Name Signature ISA Extension Constraints
dot_f32_sve ✳️✳️📏 Arm SVE
dot_f32x4_neon ✳️✳️📏 Arm NEON d % 4 == 0
cos_f32_sve ✳️✳️📏 Arm SVE
cos_f16_sve ✳️✳️📏 Arm SVE
cos_f16x4_neon ✳️✳️📏 Arm NEON d % 4 == 0
cos_i8x16_neon ✳️✳️📏 Arm NEON d % 16 == 0
cos_f32x4_neon ✳️✳️📏 Arm NEON d % 4 == 0
cos_f16x16_avx512 ✳️✳️📏 x86 AVX-512 d % 16 == 0
cos_f32x4_avx2 ✳️✳️📏 x86 AVX2 d % 4 == 0
l2sq_f32_sve ✳️✳️📏 Arm SVE
l2sq_f16_sve ✳️✳️📏 Arm SVE
hamming_b1x8_sve ✳️✳️📏 Arm SVE d % 8 == 0
hamming_b1x128_sve ✳️✳️📏 Arm SVE d % 128 == 0
hamming_b1x128_avx512 ✳️✳️📏 x86 AVX-512 d % 128 == 0
tanimoto_b1x8_naive ✳️✳️📏 d % 8 == 0
tanimoto_maccs_naive ✳️✳️ d == 166
tanimoto_maccs_neon ✳️✳️ Arm NEON d == 166
tanimoto_maccs_sve ✳️✳️ Arm SVE d == 166
tanimoto_maccs_avx512 ✳️✳️ x86 AVX-512 d == 166

Benchmarks

The benchmarks are repeated for every function with a different number of cores involved. Light-weight distance functions would be memory bound, implying that multi-core performance may be lower if the bus bandwidth cannot saturate all the cores. Similarly, heavy-weight distance functions running on all cores may result in CPU frequency downclocking. This is well illustrated by the single-core performance of the Intel i9-13950HX, equipped with DDR5 memory.

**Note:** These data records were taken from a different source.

text \<open>The cross terms of \<open>S\<close> with the \<open>D j\<close> cancel on average over \<open>j\<close>.\<close>
lemma exists_mean_square_add_le:
  fixes S :: "'a \<Rightarrow> 'b::{real_inner, second_countable_topology}" and D :: "nat \<Rightarrow> 'a \<Rightarrow> 'b"
  assumes m: "0 < m" and [measurable]: "S \<in> borel_measurable M" "\<And>j. D j \<in> borel_measurable M"
    and sum_zero: "AE \<omega> in M. (\<Sum>j<m. D j \<omega>) = 0"
    and D: "\<And>j. j < m \<Longrightarrow> mean_square M (D j) \<le> B"
  shows "\<exists>j<m. mean_square M (\<lambda>\<omega>. S \<omega> + D j \<omega>) \<le> mean_square M S + B"
proof -
  define E where "E j = mean_square M (\<lambda>\<omega>. S \<omega> + D j \<omega>)" for j
  have "(\<Sum>j<m. E j) = (\<integral>\<^sup>+\<omega>. (\<Sum>j<m. ennreal (norm (S \<omega> + D j \<omega>) ^ 2)) \<partial>M)"
    unfolding E_def mean_square_def by (rule nn_integral_sum[symmetric]) measurable
  also have "\<dots> = (\<integral>\<^sup>+\<omega>. of_nat m * ennreal (norm (S \<omega>) ^ 2) + (\<Sum>j<m. ennreal (norm (D j \<omega>) ^ 2)) \<partial>M)"
  proof (rule nn_integral_cong_AE, use sum_zero in \<open>eventually_elim\<close>)
    fix \<omega> assume "(\<Sum>j<m. D j \<omega>) = 0"
    have "(\<Sum>j<m. ennreal (norm (S \<omega> + D j \<omega>) ^ 2)) = ennreal (\<Sum>j<m. norm (S \<omega> + D j \<omega>) ^ 2)"
      by (rule sum_ennreal) simp
    also have "\<dots> = ennreal (real m * norm (S \<omega>) ^ 2 + (\<Sum>j<m. norm (D j \<omega>) ^ 2))"
      using sum_norm_sq_add_zero_sum[OF \<open>(\<Sum>j<m. D j \<omega>) = 0\<close>, of "S \<omega>"] by simp
    finally show "(\<Sum>j<m. ennreal (norm (S \<omega> + D j \<omega>) ^ 2))
        = of_nat m * ennreal (norm (S \<omega>) ^ 2) + (\<Sum>j<m. ennreal (norm (D j \<omega>) ^ 2))"
      by (simp add: ennreal_plus ennreal_mult ennreal_of_nat_eq_real_of_nat sum_nonneg sum_ennreal)
  qed
  also have "\<dots> = of_nat m * mean_square M S + (\<Sum>j<m. mean_square M (D j))"
    unfolding mean_square_def
    by (subst nn_integral_add, measurable, subst nn_integral_cmult, measurable, subst nn_integral_sum)
      measurable
  also have "\<dots> \<le> of_nat m * mean_square M S + of_nat m * B"
  proof (intro add_mono order_refl)
    have "(\<Sum>j<m. mean_square M (D j)) \<le> (\<Sum>j<m. B)" by (rule sum_mono) (simp add: D)
    then show "(\<Sum>j<m. mean_square M (D j)) \<le> of_nat m * B" by simp
  qed
  finally have sum_le: "(\<Sum>j<m. E j) \<le> of_nat m * (mean_square M S + B)"
    by (simp add: distrib_left)
  have fin: "finite (E ` {..<m})" "E ` {..<m} \<noteq> {}" using m by auto
  obtain j0 where j0: "j0 < m" "E j0 = Min (E ` {..<m})" using Min_in[OF fin] by auto
  have "of_nat m * E j0 = (\<Sum>j<m. E j0)" by simp
  also have "\<dots> \<le> (\<Sum>j<m. E j)" by (intro sum_mono) (simp add: j0 fin)
  finally have "of_nat m * E j0 \<le> of_nat m * (mean_square M S + B)" using sum_le by simp
  then have "E j0 \<le> mean_square M S + B"
    using m by (subst (asm) ennreal_mult_le_mult_iff) auto
  then show ?thesis using j0 by (auto simp: E_def)
qed
lemma one_minus_right_invertible:
  fixes x :: "'a::{real_normed_algebra_1, banach}"
  assumes "norm x < 1"
  shows "\<exists>s. (1 - x) * s = 1"
proof -
  have summable: "summable (\<lambda>n. x ^ n)"
    using assms by (rule complete_algebra_summable_geometric)
  define s where "s = (\<Sum>n. x ^ n)"
  have "(\<lambda>n. x ^ Suc n) sums (s - 1)"
    using summable unfolding s_def sums_Suc_iff[of "\<lambda>n. x ^ n"] by (simp add: summable_sums)
  moreover have "(\<lambda>n. x * x ^ n) sums (x * s)"
    using summable unfolding s_def by (intro sums_mult summable_sums)
  ultimately have "x * s = s - 1"
    by (simp add: sums_unique2)
  then have "(1 - x) * s = 1"
    by (simp add: algebra_simps)
  then show ?thesis
    by blast
qed

lemma norm_character_le:
  fixes h :: "'a::comm_cbanach_algebra_1 \<Rightarrow> complex"
  assumes h: "character h"
  shows "norm (h f) \<le> norm f"
proof (rule ccontr)
  assume "\<not> norm (h f) \<le> norm f"
  then have less: "norm f < norm (h f)" and "h f \<noteq> 0"
    by auto
  define x where "x = scaleC (1 / h f) f"
  have "norm x < 1"
    using less by (simp add: x_def norm_scaleC norm_divide divide_less_eq)
  then obtain s where s: "(1 - x) * s = 1"
    using one_minus_right_invertible by blast
  have "h (1 - x) = 0"
    using h \<open>h f \<noteq> 0\<close> by (simp add: x_def character_diff character_one character_scaleC)
  then have "h ((1 - x) * s) = 0"
    using h by (simp add: character_mult)
  with s h show False
    by (simp add: character_one)
qed

lemma closed_max_ideal_space: "closed (max_ideal_space :: ('a::comm_cbanach_algebra_1 \<Rightarrow> complex) set)"
proof -
  have "(max_ideal_space :: ('a \<Rightarrow> complex) set) =
     (\<Inter>p. {h. h (fst p + snd p) = h (fst p) + h (snd p)}) \<inter>
     (\<Inter>p. {h. h (scaleC (fst p) (snd p)) = fst p * h (snd p)}) \<inter>
     (\<Inter>p. {h. h (fst p * snd p) = h (fst p) * h (snd p)}) \<inter> {h. h 1 = 1}"
    by (auto simp: max_ideal_space_def character_def)
  also have "closed \<dots>"
    by (intro closed_Int closed_INT ballI closed_Collect_eq continuous_intros) auto
  finally show ?thesis .
qed
(* (1) For every $r\in\mathbb N$, the category $\mathcal C_r$ is a full subcategory of $\mathcal C^{pol}\cap\mathcal C^{int}$ (each object of $\mathcal C_r$ being regarded as a $\mathbf U(\infty)$-module via $\zeta_r$). (2) For each $r\in\mathbb N$ there is a surjective algebra homomorphism $\mathbf U(\infty,r+1)\to\mathbf U(\infty,r)$ sending $\zeta_{r+1}(E_i),\zeta_{r+1}(F_i),\zeta_{r+1}(K_i)$ to $\zeta_r(E_i),\zeta_r(F_i),\zeta_r(K_i)$ respectively, for all $i\in\mathbb Z$. Hence $\mathcal C_r$ is a full subcategory of $\mathcal C_{r+1}$.
   Context: $v$ indeterminate. $\mathbf U(\infty)$ is the $\mathbb Q(v)$-algebra with generators $E_i,F_i,K_i,K_i^{-1}$ ($i\in\mathbb Z$) and relations: $K_iK_j=K_jK_i$, $K_iK_i^{-1}=1$; $K_iE_j=v^{\delta_{i,j}-\delta_{i,j+1}}E_jK_i$; $K_iF_j=v^{\delta_{i,j+1}-\delta_{i,j}}F_jK_i$; $E_iE_j=E_jE_i$, $F_iF_j=F_jF_i$ if $|i-j|>1$; $E_iF_j-F_jE_i=\delta_{i,j}\frac{\widetilde K_i-\widetilde K_i^{-1}}{v-v^{-1}}$, $\widetilde K_i=K_iK_{i+1}^{-1}$; $E_i^2E_j-(v+v^{-1})E_iE_jE_i+E_jE_i^2=0$ and likewise for $F$ if $|i-j|=1$; coproduct $\Delta(E_i)=E_i\otimes\widetilde K_i+1\otimes E_i$, $\Delta(F_i)=F_i\otimes1+\widetilde K_i^{-1}\otimes F_i$, $\Delta(K_j)=K_j\otimes K_j$. ${\bf\Omega}_\infty$ has basis $\{\omega_i\}_{i\in\mathbb Z}$ with $K_a\omega_b=v^{\delta_{a,b}}\omega_b$, $E_a\omega_b=\delta_{a+1,b}\omega_a$, $F_a\omega_b=\delta_{a,b}\omega_{a+1}$; ${\bf\Omega}_\infty^{\otimes r}$ is a $\mathbf U(\infty)$-module via $\Delta$. The Hecke algebra ${\boldsymbol{\mathcal H}}$ of $\mathfrak S_r$ over $\mathbb Q(v)$ (basis $\mathcal T_w$ with $\mathcal T_s\mathcal T_w=\mathcal T_{sw}$ if $\ell(sw)>\ell(w)$, else $(v-v^{-1})\mathcal T_w+\mathcal T_{sw}$) acts on the right by $(\omega_{i_1}\cdots\omega_{i_r})\mathcal T_{(j,j+1)}=\omega_{i_1}\cdots\omega_{i_{j+1}}\omega_{i_j}\cdots\omega_{i_r}$ if $i_j<i_{j+1}$; $=v\,\omega_{i_1}\cdots\omega_{i_r}$ if $i_j=i_{j+1}$; $=(v-v^{-1})\omega_{i_1}\cdots\omega_{i_r}+\omega_{i_1}\cdots\omega_{i_{j+1}}\omega_{i_j}\cdots\omega_{i_r}$ if $i_j>i_{j+1}$. ${\boldsymbol{\mathcal S}}(\infty,r)=\operatorname{End}_{\boldsymbol{\mathcal H}}({\bf\Omega}_\infty^{\otimes r})$; the commuting actions give $\zeta_r:\mathbf U(\infty)\to{\boldsymbol{\mathcal S}}(\infty,r)$, and $\mathbf U(\infty,r)=\zeta_r(\mathbf U(\infty))$. For a $\mathbf U(\infty)$-module $M$ and an integer sequence $\lambda=(\lambda_i)_{i\in\mathbb Z}$, $M_\lambda=\{x:K_ix=v^{\lambda_i}x\ \forall i\}$; $M$ is a weight module if $M=\bigoplus_\lambda M_\lambda$ (over all integer sequences). $\mathcal C^{pol}$: weight modules all of whose weights $\lambda$ (with $M_\lambda\ne0$) are finitely supported with nonnegative entries. $\mathcal C^{int}$: weight modules such that for all $x\in M$ and $i$, $E_i^nx=F_i^nx=0$ for $n\gg0$. $\mathcal C_r$: the category of $\mathbf U(\infty,r)$-modules which, regarded as $\mathbf U(\infty)$-modules via $\zeta_r$, are weight modules (a full subcategory of $\mathbf U(\infty,r)$-modules); via the homomorphism in (2), $\mathbf U(\infty,r)$-modules are $\mathbf U(\infty,r+1)$-modules. *)

theory Defs
  imports Main "HOL-Computational_Algebra.Polynomial" "HOL-Computational_Algebra.Fraction_Field"
begin

type_synonym K = "rat poly fract"
(* a vector of Omega^(tensor r) is a finitely supported coefficient function on
   words w = (i_1,...,i_r) (lists of integers of length r); omega_w is the basis vector *)
type_synonym tvec = "int list \<Rightarrow> K"
type_synonym top = "tvec \<Rightarrow> tvec"

definition vq :: K where "vq = Fract [:0, 1:] 1"

definition Tsp :: "nat \<Rightarrow> tvec set" where
  "Tsp r = {x. finite {w. x w \<noteq> 0} \<and> (\<forall>w. x w \<noteq> 0 \<longrightarrow> length w = r)}"

definition lin_ext :: "(int list \<Rightarrow> tvec) \<Rightarrow> top" where
  "lin_ext f x = (\<lambda>u. \<Sum>w\<in>{w. x w \<noteq> 0}. x w * f w u)"

(* operators on Omega^(tensor r), represented canonically: zero outside Tsp r *)
definition restr :: "nat \<Rightarrow> top \<Rightarrow> top" where
  "restr r A = (\<lambda>x. if x \<in> Tsp r then A x else (\<lambda>_. 0))"

(* exponent of K~_a = K_a K_{a+1}^{-1} on omega_b *)
definition dK :: "int \<Rightarrow> int \<Rightarrow> int" where
  "dK a b = (if b = a then 1 else 0) - (if b = a + 1 then 1 else 0)"

(* images of basis vectors under the iterated coproduct:
   Delta^(r)(E_a) = sum_k 1^(k-1) (x) E_a (x) K~_a^(r-k)
   Delta^(r)(F_a) = sum_k K~_a^{-1 (k-1)} (x) F_a (x) 1^(r-k)
   Delta^(r)(K_a) = K_a^(r) *)
definition imgE :: "int \<Rightarrow> int list \<Rightarrow> tvec" where
  "imgE a w u = (\<Sum>k<length w. if w ! k = a + 1 \<and> u = w[k := a]
       then vq powi (\<Sum>j\<in>{k<..<length w}. dK a (w ! j)) else 0)"

definition imgF :: "int \<Rightarrow> int list \<Rightarrow> tvec" where
  "imgF a w u = (\<Sum>k<length w. if w ! k = a \<and> u = w[k := a + 1]
       then vq powi (- (\<Sum>j<k. dK a (w ! j))) else 0)"

definition imgK :: "int \<Rightarrow> int list \<Rightarrow> tvec" where
  "imgK a w u = (if u = w then vq powi int (length (filter (\<lambda>b. b = a) w)) else 0)"

definition imgKinv :: "int \<Rightarrow> int list \<Rightarrow> tvec" where
  "imgKinv a w u = (if u = w then vq powi (- int (length (filter (\<lambda>b. b = a) w))) else 0)"

definition zE :: "nat \<Rightarrow> int \<Rightarrow> top" where "zE r a = restr r (lin_ext (imgE a))"
definition zF :: "nat \<Rightarrow> int \<Rightarrow> top" where "zF r a = restr r (lin_ext (imgF a))"
definition zK :: "nat \<Rightarrow> int \<Rightarrow> top" where "zK r a = restr r (lin_ext (imgK a))"
definition zKinv :: "nat \<Rightarrow> int \<Rightarrow> top" where "zKinv r a = restr r (lin_ext (imgKinv a))"

(* U(infinity,r) = zeta_r(U(infinity)) = subalgebra of End(Omega^(tensor r)) generated
   by the images of the generators *)
inductive_set Ualg :: "nat \<Rightarrow> top set" for r :: nat where
  one: "restr r id \<in> Ualg r"
| genE: "zE r a \<in> Ualg r"
| genF: "zF r a \<in> Ualg r"
| genK: "zK r a \<in> Ualg r"
| genKinv: "zKinv r a \<in> Ualg r"
| add: "A \<in> Ualg r \<Longrightarrow> B \<in> Ualg r \<Longrightarrow> (\<lambda>x u. A x u + B x u) \<in> Ualg r"
| smul: "A \<in> Ualg r \<Longrightarrow> (\<lambda>x u. c * A x u) \<in> Ualg r"
| comp: "A \<in> Ualg r \<Longrightarrow> B \<in> Ualg r \<Longrightarrow> A \<circ> B \<in> Ualg r"

definition Umodule :: "nat \<Rightarrow> (K \<Rightarrow> 'm::ab_group_add \<Rightarrow> 'm) \<Rightarrow> (top \<Rightarrow> 'm \<Rightarrow> 'm) \<Rightarrow> bool" where
  "Umodule r sm rho \<longleftrightarrow> vector_space sm
     \<and> (\<forall>A\<in>Ualg r. Vector_Spaces.linear sm sm (rho A))
     \<and> rho (restr r id) = id
     \<and> (\<forall>A\<in>Ualg r. \<forall>B\<in>Ualg r. rho (\<lambda>x u. A x u + B x u) = (\<lambda>m. rho A m + rho B m))
     \<and> (\<forall>c. \<forall>A\<in>Ualg r. rho (\<lambda>x u. c * A x u) = (\<lambda>m. sm c (rho A m)))
     \<and> (\<forall>A\<in>Ualg r. \<forall>B\<in>Ualg r. rho (A \<circ> B) = rho A \<circ> rho B)"

definition Uinf_module :: "(K \<Rightarrow> 'm::ab_group_add \<Rightarrow> 'm) \<Rightarrow> (int \<Rightarrow> 'm \<Rightarrow> 'm) \<Rightarrow> (int \<Rightarrow> 'm \<Rightarrow> 'm)
     \<Rightarrow> (int \<Rightarrow> 'm \<Rightarrow> 'm) \<Rightarrow> (int \<Rightarrow> 'm \<Rightarrow> 'm) \<Rightarrow> bool" where
  "Uinf_module sm E F Kp Km \<longleftrightarrow> vector_space sm
     \<and> (\<forall>i. Vector_Spaces.linear sm sm (E i) \<and> Vector_Spaces.linear sm sm (F i)
            \<and> Vector_Spaces.linear sm sm (Kp i) \<and> Vector_Spaces.linear sm sm (Km i))
     \<and> (\<forall>i j m. Kp i (Kp j m) = Kp j (Kp i m))
     \<and> (\<forall>i m. Kp i (Km i m) = m \<and> Km i (Kp i m) = m)
     \<and> (\<forall>i j m. Kp i (E j m) = sm (vq powi ((if i = j then 1 else 0) - (if i = j + 1 then 1 else 0))) (E j (Kp i m)))
     \<and> (\<forall>i j m. Kp i (F j m) = sm (vq powi ((if i = j + 1 then 1 else 0) - (if i = j then 1 else 0))) (F j (Kp i m)))
     \<and> (\<forall>i j m. \<bar>i - j\<bar> > 1 \<longrightarrow> E i (E j m) = E j (E i m) \<and> F i (F j m) = F j (F i m))
     \<and> (\<forall>i j m. E i (F j m) - F j (E i m) =
            (if i = j then sm (inverse (vq - inverse vq)) (Kp i (Km (i + 1) m) - Kp (i + 1) (Km i m)) else 0))
     \<and> (\<forall>i j m. \<bar>i - j\<bar> = 1 \<longrightarrow>
            E i (E i (E j m)) - sm (vq + inverse vq) (E i (E j (E i m))) + E j (E i (E i m)) = 0
          \<and> F i (F i (F j m)) - sm (vq + inverse vq) (F i (F j (F i m))) + F j (F i (F i m)) = 0)"

definition weight_space :: "(K \<Rightarrow> 'm::ab_group_add \<Rightarrow> 'm) \<Rightarrow> (int \<Rightarrow> 'm \<Rightarrow> 'm) \<Rightarrow> (int \<Rightarrow> int) \<Rightarrow> 'm set" where
  "weight_space sm Kp lam = {m. \<forall>i. Kp i m = sm (vq powi lam i) m}"

(* M = sum of its weight spaces (the sum is automatically direct) *)
definition weight_module :: "(K \<Rightarrow> 'm::ab_group_add \<Rightarrow> 'm) \<Rightarrow> (int \<Rightarrow> 'm \<Rightarrow> 'm) \<Rightarrow> bool" where
  "weight_module sm Kp \<longleftrightarrow> (\<forall>m. \<exists>L f. finite L \<and> (\<forall>lam\<in>L. f lam \<in> weight_space sm Kp lam)
                                  \<and> m = (\<Sum>lam\<in>L. f lam))"

definition Cpol :: "(K \<Rightarrow> 'm::ab_group_add \<Rightarrow> 'm) \<Rightarrow> (int \<Rightarrow> 'm \<Rightarrow> 'm) \<Rightarrow> bool" where
  "Cpol sm Kp \<longleftrightarrow> weight_module sm Kp
     \<and> (\<forall>lam. (\<exists>m\<in>weight_space sm Kp lam. m \<noteq> 0) \<longrightarrow> finite {i. lam i \<noteq> 0} \<and> (\<forall>i. 0 \<le> lam i))"

definition Cint :: "(K \<Rightarrow> 'm::ab_group_add \<Rightarrow> 'm) \<Rightarrow> (int \<Rightarrow> 'm \<Rightarrow> 'm) \<Rightarrow> (int \<Rightarrow> 'm \<Rightarrow> 'm)
     \<Rightarrow> (int \<Rightarrow> 'm \<Rightarrow> 'm) \<Rightarrow> bool" where
  "Cint sm E F Kp \<longleftrightarrow> weight_module sm Kp
     \<and> (\<forall>m i. \<exists>N. \<forall>n\<ge>N. (E i ^^ n) m = 0 \<and> (F i ^^ n) m = 0)"

definition Cobj :: "nat \<Rightarrow> (K \<Rightarrow> 'm::ab_group_add \<Rightarrow> 'm) \<Rightarrow> (top \<Rightarrow> 'm \<Rightarrow> 'm) \<Rightarrow> bool" where
  "Cobj r sm rho \<longleftrightarrow> Umodule r sm rho \<and> weight_module sm (\<lambda>i. rho (zK r i))"

definition Uhom :: "nat \<Rightarrow> (top \<Rightarrow> top) \<Rightarrow> bool" where
  "Uhom r phi \<longleftrightarrow> phi ` Ualg (Suc r) = Ualg r
     \<and> phi (restr (Suc r) id) = restr r id
     \<and> (\<forall>A\<in>Ualg (Suc r). \<forall>B\<in>Ualg (Suc r). phi (\<lambda>x u. A x u + B x u) = (\<lambda>x u. phi A x u + phi B x u))
     \<and> (\<forall>c. \<forall>A\<in>Ualg (Suc r). phi (\<lambda>x u. c * A x u) = (\<lambda>x u. c * phi A x u))
     \<and> (\<forall>A\<in>Ualg (Suc r). \<forall>B\<in>Ualg (Suc r). phi (A \<circ> B) = phi A \<circ> phi B)
     \<and> (\<forall>i. phi (zE (Suc r) i) = zE r i \<and> phi (zF (Suc r) i) = zF r i \<and> phi (zK (Suc r) i) = zK r i)"

end

theory Submission
  imports Defs
begin

text \<open>
  Splitting off the last letter of a word is the coproduct, so
  each defining relation of U(\<infinity>) holds on the tensor space by induction on the word; since
  U(\<infinity>,r) acts on a module through an algebra homomorphism, the module is a U(\<infinity>)-module.

  K_i acts on \<omega>_w by v^(number of letters i in w), and at most r distinct letters occur in w.
  Hence \<Prod>_{k \<le> r} (K_i - v^k) and \<Prod>_{i \<in> S} (K_i - 1), for |S| = r + 1, vanish in U(\<infinity>,r),
  which forces every weight to be nonnegative and finitely supported; similarly
  E_i^(r+1) = F_i^(r+1) = 0.

  Finally, A \<in> U(\<infinity>,r+1) acts on y \<otimes> \<omega>_c, for all large c, as A' y \<otimes> \<omega>_c for a unique
  A' \<in> U(\<infinity>,r), and A \<mapsto> A' is the required surjective homomorphism.
\<close>

lemma vq_nonzero [simp]: "vq \<noteq> 0"
  by (simp add: vq_def eq_fract Zero_fract_def)

lemma vq_power: "vq ^ k = Fract ([:0, 1:] ^ k) 1"
  by (induction k) (simp_all add: vq_def One_fract_def)

lemma vq_power_eq_1_iff: "vq ^ k = 1 \<longleftrightarrow> k = 0"
proof
  assume "vq ^ k = 1"
  then have "[:0, 1::rat:] ^ k = 1" by (simp add: vq_power One_fract_def eq_fract)
  then have "degree ([:0, 1::rat:] ^ k) = 0" by simp
  then show "k = 0" by (simp add: degree_power_eq)
qed simp

lemma vq_powi_eq_1_iff: "vq powi n = 1 \<longleftrightarrow> n = 0"
proof (cases "n \<ge> 0")
  case True
  then show ?thesis using vq_power_eq_1_iff[of "nat n"] by (auto simp: power_int_def)
next
  case False
  then show ?thesis using vq_power_eq_1_iff[of "nat (- n)"] by (auto simp: power_int_def power_inverse)
qed

lemma vq_powi_inject: "vq powi a = vq powi b \<longleftrightarrow> a = b"
  using vq_powi_eq_1_iff[of "a - b"] by (auto simp: power_int_diff)

lemma vq_minus_inverse_nonzero [simp]: "vq - inverse vq \<noteq> 0"
proof
  assume "vq - inverse vq = 0"
  then have "vq powi 2 = 1" by (simp add: power2_eq_square field_simps)
  then show False using vq_powi_eq_1_iff[of 2] by simp
qed

section \<open>Coordinate formulas for the generators\<close>

definition Ktilde_exp :: "int \<Rightarrow> int list \<Rightarrow> int" where
  "Ktilde_exp a u = (\<Sum>b\<leftarrow>u. dK a b)"

text \<open>actE a x u is the coefficient of \<omega>_u in E_a x, obtained by reading imgE backwards:
  \<omega>_w contributes to \<omega>_u iff w = u[k := a + 1] with u ! k = a.\<close>

definition actE :: "int \<Rightarrow> tvec \<Rightarrow> tvec" where
  "actE a x u = (\<Sum>k<length u. if u ! k = a then x (u[k := a + 1]) *
       vq powi (\<Sum>j\<in>{k<..<length u}. dK a (u ! j)) else 0)"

Method Threads Vector Size Speed
dot_f32x4_avx2 1 1024 b 96.2 GB/s
dot_f32x4_avx2 32 1024 b 23.6 GB/s
cos_f32_naive 1 1024 b 15.3 GB/s
cos_f32_naive 32 1024 b 4.5 GB/s
cos_f32x4_avx2 1 1024 b 56.3 GB/s
cos_f32x4_avx2 32 1024 b 13.9 GB/s
tanimoto_maccs_naive 1 21 b 2.8 GB/s
tanimoto_maccs_naive 32 21 b 1.2 GB/s

Switching to the Intel Sapphire Rapids server platform, we can also evaluate some of the AVX-512 extensions, including VPOPCNTDQ and F16.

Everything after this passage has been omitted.